- **Data for this exercise**:

text \<open>A strategy for ONE in G_1(A,B): maps the finite list of TWO's previous moves to
ONE's next move, an element of A.\<close>
definition one_strategy :: "'b set set \<Rightarrow> ('b list \<Rightarrow> 'b set) \<Rightarrow> bool" where
  "one_strategy \<A> \<sigma> \<longleftrightarrow> (\<forall>ts. \<sigma> ts \<in> \<A>)"

definition one_winning_strategy :: "'b set set \<Rightarrow> 'b set set \<Rightarrow> ('b list \<Rightarrow> 'b set) \<Rightarrow> bool" where
  "one_winning_strategy \<A> \<B> \<sigma> \<longleftrightarrow>
     one_strategy \<A> \<sigma> \<and>
     (\<forall>T :: nat \<Rightarrow> 'b. (\<forall>n. T n \<in> \<sigma> (map T [0..<n])) \<longrightarrow> range T \<notin> \<B>)"

definition one_has_winning_strategy :: "'b set set \<Rightarrow> 'b set set \<Rightarrow> bool" where
  "one_has_winning_strategy \<A> \<B> \<longleftrightarrow> (\<exists>\<sigma>. one_winning_strategy \<A> \<B> \<sigma>)"

end

theory Submission
  imports Defs
begin

text \<open>Monotonicity in \<open>\<O>\<^sub>\<Psi> \<subseteq> \<O>\<close> gives (2) \<Rightarrow> (1) and (3) \<Rightarrow> (4), and a sequence
  witnessing the failure of \<open>S\<^sub>1\<close> is a winning strategy for ONE that ignores TWO; so
  everything reduces to (1) \<Rightarrow> (3). Fix a strategy \<open>\<sigma>\<close> of ONE and compact sets
  \<open>K\<^sub>0 \<subseteq> K\<^sub>1 \<subseteq> \<dots>\<close> exhausting \<open>X\<close>. At a position \<open>p\<close> of length \<open>n\<close>, shrink \<open>\<sigma> p\<close> to a
  finite subcover of \<open>K\<^sub>n\<close> and take a Lebesgue entourage for it. If TWO only answers from
  these finite subcovers, only finitely many positions arise in round \<open>n\<close>, so one entourage
  \<open>D\<^sub>n\<close> refines all their Lebesgue entourages. Select with (1) from the covers \<open>\<O>(D\<^sub>n)\<close> so
  that every tail of the selections \<open>V\<^sub>n\<close> covers \<open>Y\<close>, and let TWO answer in round \<open>n\<close> with a
  member of the subcover containing \<open>V\<^sub>n\<close>. A point \<open>y \<in> Y \<inter> K\<^sub>m\<close> lies in some \<open>V\<^sub>n\<close> with
  \<open>n \<ge> m\<close>; being a \<open>D\<^sub>n\<close>-ball through a point of \<open>K\<^sub>n\<close>, that \<open>V\<^sub>n\<close> lies in a member of
  the subcover, so TWO's answer in round \<open>n\<close> contains \<open>y\<close> and TWO wins.\<close>

lemma uniformity_subset: "is_uniformity X \<Psi> \<Longrightarrow> U \<in> \<Psi> \<Longrightarrow> U \<subseteq> X \<times> X"
  unfolding is_uniformity_def by meson

lemma uniformity_Int: "is_uniformity X \<Psi> \<Longrightarrow> U \<in> \<Psi> \<Longrightarrow> V \<in> \<Psi> \<Longrightarrow> U \<inter> V \<in> \<Psi>"
  unfolding is_uniformity_def by simp

lemma uniformity_refl: "is_uniformity X \<Psi> \<Longrightarrow> U \<in> \<Psi> \<Longrightarrow> x \<in> X \<Longrightarrow> (x, x) \<in> U"
  unfolding is_uniformity_def by blast

lemma uniformity_converse: "is_uniformity X \<Psi> \<Longrightarrow> U \<in> \<Psi> \<Longrightarrow> converse U \<in> \<Psi>"
  unfolding is_uniformity_def by simp

lemma uniformity_square_root: "is_uniformity X \<Psi> \<Longrightarrow> U \<in> \<Psi> \<Longrightarrow> \<exists>V\<in>\<Psi>. V O V \<subseteq> U"
  unfolding is_uniformity_def by blast

lemma uniformity_mono:
  assumes "is_uniformity X \<Psi>" "U \<in> \<Psi>" "U \<subseteq> V" "V \<subseteq> X \<times> X"
  shows "V \<in> \<Psi>"
  using assms unfolding is_uniformity_def by meson

lemma uniformity_carrier_square:
  assumes u: "is_uniformity X \<Psi>"
  shows "X \<times> X \<in> \<Psi>"
proof -
  have "\<Psi> \<noteq> {}" using u unfolding is_uniformity_def by simp
  then obtain U where "U \<in> \<Psi>" by blast
  then show ?thesis using uniformity_mono[OF u] uniformity_subset[OF u] by (meson order_refl)
qed

lemma uniformity_finite_Inter:
  assumes u: "is_uniformity X \<Psi>" and "finite \<A>" "\<A> \<subseteq> \<Psi>"
  shows "X \<times> X \<inter> \<Inter>\<A> \<in> \<Psi>"
  using assms(2,3)
proof (induction \<A> rule: finite_induct)
  case empty
  then show ?case using uniformity_carrier_square[OF u] by simp
next
  case (insert U \<A>)
  then have "U \<inter> (X \<times> X \<inter> \<Inter>\<A>) \<in> \<Psi>" using uniformity_Int[OF u] by simp
  moreover have "U \<inter> (X \<times> X \<inter> \<Inter>\<A>) = X \<times> X \<inter> \<Inter>(insert U \<A>)" by auto
  ultimately show ?case by simp
qed

lemma uniformity_symmetric_cube_root:
  assumes u: "is_uniformity X \<Psi>" and "U \<in> \<Psi>"
  shows "\<exists>W\<in>\<Psi>. converse W = W \<and> W O W O W \<subseteq> U"
proof -
  obtain V1 where V1: "V1 \<in> \<Psi>" "V1 O V1 \<subseteq> U" using uniformity_square_root[OF u \<open>U \<in> \<Psi>\<close>] by blast
  obtain V2 where V2: "V2 \<in> \<Psi>" "V2 O V2 \<subseteq> V1" using uniformity_square_root[OF u V1(1)] by blast
  have "V2 \<subseteq> V2 O V2"
  proof
    fix p assume "p \<in> V2"
    moreover obtain a b where "p = (a, b)" by fastforce
    moreover have "(b, b) \<in> V2"
      using calculation uniformity_subset[OF u V2(1)] uniformity_refl[OF u V2(1)] by auto
    ultimately show "p \<in> V2 O V2" by auto
  qed
  then have "V2 \<subseteq> V1" using V2(2) by (rule order_trans)
  define W where "W = V2 \<inter> converse V2"
  have "W \<subseteq> V2" unfolding W_def by (rule Int_lower1)
  then have "W O W O W \<subseteq> V2 O V2 O V2" by (intro relcomp_mono)
  also have "\<dots> \<subseteq> V1 O V1" using V2(2) \<open>V2 \<subseteq> V1\<close> by (metis O_assoc relcomp_mono)
  also have "\<dots> \<subseteq> U" by (rule V1(2))
  finally have "W O W O W \<subseteq> U" .
  moreover have "W \<in> \<Psi>"
    unfolding W_def using uniformity_Int[OF u V2(1) uniformity_converse[OF u V2(1)]] .
  moreover have "converse W = W" unfolding W_def by auto
  ultimately show ?thesis by blast
qed

lemma istopology_uopen:
  assumes u: "is_uniformity X \<Psi>"
  shows "istopology (uopen X \<Psi>)"
  unfolding istopology_def
proof (intro conjI allI impI)
  fix S T assume S: "uopen X \<Psi> S" and T: "uopen X \<Psi> T"
  show "uopen X \<Psi> (S \<inter> T)"
    unfolding uopen_def
  proof (intro conjI ballI)
    show "S \<inter> T \<subseteq> X" using S unfolding uopen_def by auto
    fix x assume "x \<in> S \<inter> T"
    then obtain U V where UV: "U \<in> \<Psi>" "U `` {x} \<subseteq> S" "V \<in> \<Psi>" "V `` {x} \<subseteq> T"
      using S T unfolding uopen_def by blast
    have "U \<inter> V \<in> \<Psi>" using uniformity_Int[OF u UV(1,3)] .
    moreover have "(U \<inter> V) `` {x} \<subseteq> S \<inter> T" using UV(2,4) by blast
    ultimately show "\<exists>W\<in>\<Psi>. W `` {x} \<subseteq> S \<inter> T" by blast
  qed
next
  fix \<K> assume \<K>: "\<forall>S\<in>\<K>. uopen X \<Psi> S"
  show "uopen X \<Psi> (\<Union>\<K>)"
    unfolding uopen_def
  proof (intro conjI ballI)
    show "\<Union>\<K> \<subseteq> X" using \<K> unfolding uopen_def by blast
    fix x assume "x \<in> \<Union>\<K>"
    then obtain S where "S \<in> \<K>" "x \<in> S" by blast
    then obtain U where "U \<in> \<Psi>" "U `` {x} \<subseteq> S" using \<K> unfolding uopen_def by blast
    then show "\<exists>U\<in>\<Psi>. U `` {x} \<subseteq> \<Union>\<K>" using \<open>S \<in> \<K>\<close> by blast
  qed
qed

lemma openin_utop: "is_uniformity X \<Psi> \<Longrightarrow> openin (utop X \<Psi>) S \<longleftrightarrow> uopen X \<Psi> S"
  unfolding utop_def using topology_inverse'[OF istopology_uopen] by metis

- **Directions**: Within the entries above, find the string "forall" and return each line that holds it.

- **Response to the exercise**:
  "one_strategy \<A> \<sigma> \<longleftrightarrow> (\<forall>ts. \<sigma> ts \<in> \<A>)"
     (\<forall>T :: nat \<Rightarrow> 'b. (\<forall>n. T n \<in> \<sigma> (map T [0..<n])) \<longrightarrow> range T \<notin> \<B>)"
  fix \<K> assume \<K>: "\<forall>S\<in>\<K>. uopen X \<Psi> S"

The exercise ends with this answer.